Fernando Machado and Diane Rodriguez decided to publicize the pregnancy to help change attitudes in the staunchly Roman Catholic society
A couple in Ecuador is making history with a unique pregnancy: The father-to-be is carrying the baby of his transgender partner.
Fernando Machado and Diane Rodriguez announced their pregnancy, believed to be the first of its kind in South America, on social media earlier this month and it’s received widespread attention in a continent that has seen a sudden explosion in the rights and visibility of trans people.
Rodriguez, who was born Luis, is one of Ecuador’s most-prominent LGBT activists and says she and her Venezuelan-born partner, whose birth name was Maria, decided to publicize the pregnancy to help change attitudes in the staunchly Roman Catholic society. Although both take hormones, neither has undergone gender-reassignment surgery, so the child-to-be was conceived the old-fashioned way with no known medical complications to date.

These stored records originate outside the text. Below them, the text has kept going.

lemma mderiv_mconst: "mderiv j (mconst c :: 'a::semiring_1 mpoly) = 0"
proof (rule poly_mapping_eqI)
  fix m :: "nat \<Rightarrow>\<^sub>0 nat"
  have "lookup (m + Poly_Mapping.single j 1) j \<noteq> 0"
    by (simp add: lookup_add_single)
  then have "m + Poly_Mapping.single j 1 \<noteq> 0" by auto
  then show "lookup (mderiv j (mconst c)) m = lookup 0 m"
    by (simp add: lookup_mderiv lookup_mconst)
qed

lemma mderiv_mconst_mult_mvar:
  "mderiv j (mconst c * mvar i :: 'a::comm_semiring_1 mpoly) = (if j = i then mconst c else 0)"
proof (rule poly_mapping_eqI)
  fix m :: "nat \<Rightarrow>\<^sub>0 nat"
  have "Poly_Mapping.single i 1 = m + Poly_Mapping.single j (1::nat) \<longleftrightarrow> j = i \<and> m = 0"
  proof
    assume eq: "Poly_Mapping.single i 1 = m + Poly_Mapping.single j (1::nat)"
    then have "lookup (Poly_Mapping.single i (1::nat)) j = lookup (m + Poly_Mapping.single j 1) j"
      by simp
    then have "j = i" by (simp add: lookup_add_single lookup_single when_def split: if_splits)
    with eq show "j = i \<and> m = 0" by (metis add_0 add_right_cancel)
  qed auto
  then show "lookup (mderiv j (mconst c * mvar i)) m = lookup (if j = i then mconst c else 0) m"
    by (auto simp: lookup_mderiv mconst_mult_mvar lookup_single when_def lookup_mconst)
qed

lemma lookup_mderiv_mvar_square_mult:
  fixes h :: "'a::comm_semiring_1 mpoly"
  shows "lookup (mderiv i (mvar i ^ 2 * h)) (m + Poly_Mapping.single i 1)
    = of_nat (lookup m i + 2) * lookup h m"
proof -
  have "m + Poly_Mapping.single i 1 + Poly_Mapping.single i 1 = Poly_Mapping.single i 2 + m"
    by (simp add: add_ac numeral_2_eq_2 flip: single_add)
  then show ?thesis
    by (simp add: lookup_mderiv lookup_add_single mvar_power lookup_single_mult_add)
qed

definition var_pow_ideal :: "nat \<Rightarrow> nat \<Rightarrow> 'a::zero mpoly set" where
  "var_pow_ideal i d = {p. \<forall>m. lookup m i < d \<longrightarrow> lookup p m = 0}"

lemma zero_in_var_pow_ideal [simp]: "0 \<in> var_pow_ideal i d"
  by (simp add: var_pow_ideal_def)

lemma var_pow_ideal_add:
  "p \<in> var_pow_ideal i d \<Longrightarrow> q \<in> var_pow_ideal i d
    \<Longrightarrow> (p::'a::monoid_add mpoly) + q \<in> var_pow_ideal i d"
  by (simp add: var_pow_ideal_def lookup_add)

lemma var_pow_ideal_diff:
  "p \<in> var_pow_ideal i d \<Longrightarrow> q \<in> var_pow_ideal i d
    \<Longrightarrow> (p::'a::ab_group_add mpoly) - q \<in> var_pow_ideal i d"
  by (simp add: var_pow_ideal_def lookup_minus)

lemma var_pow_ideal_antimono: "d \<le> d' \<Longrightarrow> p \<in> var_pow_ideal i d' \<Longrightarrow> p \<in> var_pow_ideal i d"
  by (auto simp: var_pow_ideal_def)

lemma var_pow_ideal_mult:
  fixes p q :: "'a::comm_semiring_1 mpoly"
  assumes p: "p \<in> var_pow_ideal i a" and q: "q \<in> var_pow_ideal i b"
  shows "p * q \<in> var_pow_ideal i (a + b)"
  unfolding var_pow_ideal_def
proof (intro CollectI allI impI)
  fix m assume m: "lookup m i < a + b"
  show "lookup (p * q) m = 0"
  proof (rule ccontr)
    assume "lookup (p * q) m \<noteq> 0"
    then obtain x y where xy: "m = x + y" "x \<in> Poly_Mapping.keys p" "y \<in> Poly_Mapping.keys q"
      using keys_mult by (blast intro: in_keys_iff[THEN iffD2])
    have "a \<le> lookup x i" using p xy(2) by (force simp: var_pow_ideal_def in_keys_iff)
    moreover have "b \<le> lookup y i" using q xy(3) by (force simp: var_pow_ideal_def in_keys_iff)
    ultimately show False using m xy(1) by (simp add: lookup_add)
  qed
qed

lemma var_pow_ideal_mult_left:
  "p \<in> var_pow_ideal i d \<Longrightarrow> (q::'a::comm_semiring_1 mpoly) * p \<in> var_pow_ideal i d"
  using var_pow_ideal_mult[of q i 0 p d] by (simp add: var_pow_ideal_def)

lemma var_pow_ideal_sum:
  fixes f :: "'b \<Rightarrow> 'a::comm_semiring_1 mpoly"
  shows "(\<And>x. x \<in> S \<Longrightarrow> f x \<in> var_pow_ideal i d) \<Longrightarrow> sum f S \<in> var_pow_ideal i d"
  by (induction S rule: infinite_finite_induct) (auto intro: var_pow_ideal_add)

lemma prod_diff_in_var_pow_ideal:
  fixes f g :: "'b \<Rightarrow> 'a::comm_ring_1 mpoly"
  assumes "finite S" "\<And>x. x \<in> S \<Longrightarrow> f x - g x \<in> var_pow_ideal i d"
  shows "prod f S - prod g S \<in> var_pow_ideal i d"
  using assms
proof (induction S rule: finite_induct)
  case (insert x S)
  have "prod f (insert x S) - prod g (insert x S)
      = (f x - g x) * prod f S + g x * (prod f S - prod g S)"
    using insert by (simp add: algebra_simps)
  then show ?case using insert
    by (metis var_pow_ideal_add var_pow_ideal_mult_left insertCI mult.commute)
qed simp

lemma det_diff_in_var_pow_ideal:
  fixes A B :: "'a::comm_ring_1 mpoly mat"
  assumes A: "A \<in> carrier_mat n n" and B: "B \<in> carrier_mat n n"
    and entries: "\<And>r s. r < n \<Longrightarrow> s < n \<Longrightarrow> A $$ (r, s) - B $$ (r, s) \<in> var_pow_ideal i d"
  shows "det A - det B \<in> var_pow_ideal i d"
proof -
  have "det A - det B = (\<Sum>p | p permutes {0..<n}.
      signof p * ((\<Prod>r = 0..<n. A $$ (r, p r)) - (\<Prod>r = 0..<n. B $$ (r, p r))))"
    using A B unfolding det_def by (simp add: sum_subtractf[symmetric] right_diff_distrib)
  also have "\<dots> \<in> var_pow_ideal i d"
  proof (intro var_pow_ideal_sum var_pow_ideal_mult_left prod_diff_in_var_pow_ideal)
    fix p r assume "p \<in> {p. p permutes {0..<n}}" "r \<in> {0..<n}"
    then show "A $$ (r, p r) - B $$ (r, p r) \<in> var_pow_ideal i d"
      by (auto intro: entries dest: permutes_in_image)
  qed simp
  finally show ?thesis .
qed

lemma det_minus_diag_minor_in_var_pow_ideal:
  fixes A :: "'a::comm_ring_1 mpoly mat"
  assumes A: "A \<in> carrier_mat n n" and "k < n"
    and row: "\<And>j. j < n \<Longrightarrow> j \<noteq> k \<Longrightarrow> A $$ (k, j) \<in> var_pow_ideal i d"
  shows "det A - A $$ (k, k) * det (mat_delete A k k) \<in> var_pow_ideal i d"
proof -
  have "det A = (\<Sum>j<n. A $$ (k, j) * cofactor A k j)"
    by (rule laplace_expansion_row[OF A \<open>k < n\<close>])
  also have "\<dots> = A $$ (k, k) * cofactor A k k + (\<Sum>j\<in>{..<n} - {k}. A $$ (k, j) * cofactor A k j)"
    by (rule sum.remove) (use \<open>k < n\<close> in auto)
  finally have "det A - A $$ (k, k) * det (mat_delete A k k)
      = (\<Sum>j\<in>{..<n} - {k}. cofactor A k j * A $$ (k, j))"
    by (simp add: cofactor_def mult.commute flip: mult_2)
  also have "\<dots> \<in> var_pow_ideal i d"
    by (intro var_pow_ideal_sum var_pow_ideal_mult_left row) auto
  finally show ?thesis .
qed

lemma mderiv_in_var_pow_ideal:
  "j \<noteq> i \<Longrightarrow> p \<in> var_pow_ideal i d \<Longrightarrow> mderiv j (p::'a::semiring_1 mpoly) \<in> var_pow_ideal i d"
  by (simp add: var_pow_ideal_def lookup_mderiv lookup_add_single)

lemma mderiv_same_in_var_pow_ideal:
  "p \<in> var_pow_ideal i (Suc d) \<Longrightarrow> mderiv i (p::'a::semiring_1 mpoly) \<in> var_pow_ideal i d"
  by (simp add: var_pow_ideal_def lookup_mderiv lookup_add_single)

lemma mvar_power_mult_in_var_pow_ideal:
  "h \<in> var_pow_ideal i a \<Longrightarrow> mvar i ^ d * (h::'a::comm_semiring_1 mpoly) \<in> var_pow_ideal i (d + a)"
  by (rule var_pow_ideal_mult) (simp_all add: mvar_power var_pow_ideal_def lookup_single when_def)

lemma nonzero_in_var_pow_ideal_lowest:
  fixes p :: "'a::zero mpoly"
  assumes "p \<noteq> 0"
  obtains m where "lookup p m \<noteq> 0" "p \<in> var_pow_ideal i (lookup m i)"
proof -
  define a where "a = Min ((\<lambda>m. lookup m i) ` Poly_Mapping.keys p)"
  have "a \<in> (\<lambda>m. lookup m i) ` Poly_Mapping.keys p"
    unfolding a_def using assms by (intro Min_in) auto
  then obtain m where m: "m \<in> Poly_Mapping.keys p" "lookup m i = a" by auto
  have "p \<in> var_pow_ideal i a"
    unfolding var_pow_ideal_def
  proof (intro CollectI allI impI)
    fix m' assume "lookup m' i < a"
    then have "m' \<notin> Poly_Mapping.keys p"
      unfolding a_def using Min_le[of "(\<lambda>m. lookup m i) ` Poly_Mapping.keys p"] by fastforce
    then show "lookup p m' = 0" by (simp add: in_keys_iff)
  qed
  with m that show ?thesis by (simp add: in_keys_iff)
qed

“We’re trying to break the myths about transsexuality,” Rodriguez told the Associated Press.
So far, church leaders have remained silent, something that Rodriguez says both surprises and pleases here.
“The church is always criticizing gays and homosexuals for adopting children, so it would be a contradiction to criticize us for giving birth naturally,” she said from her home in Guayaquil.
The trans community has made major advances across South America. About six months ago, Colombian President Juan Manuel Santos issued a decree allowing individuals to change their gender on the national ID cards with little more than a trip to a public notary. To date, at least 340 people have made the switch.
Argentina has gone even further with legislation guaranteeing free hormone treatment and gender reassignment surgery.
However, trans people still face widespread discrimination in the region. Between 2008 and 2011, 79% of the murders of transgender people reported throughout the world took place in Latin America, with a total of 664 cases, according to a study by the International AIDS Alliance.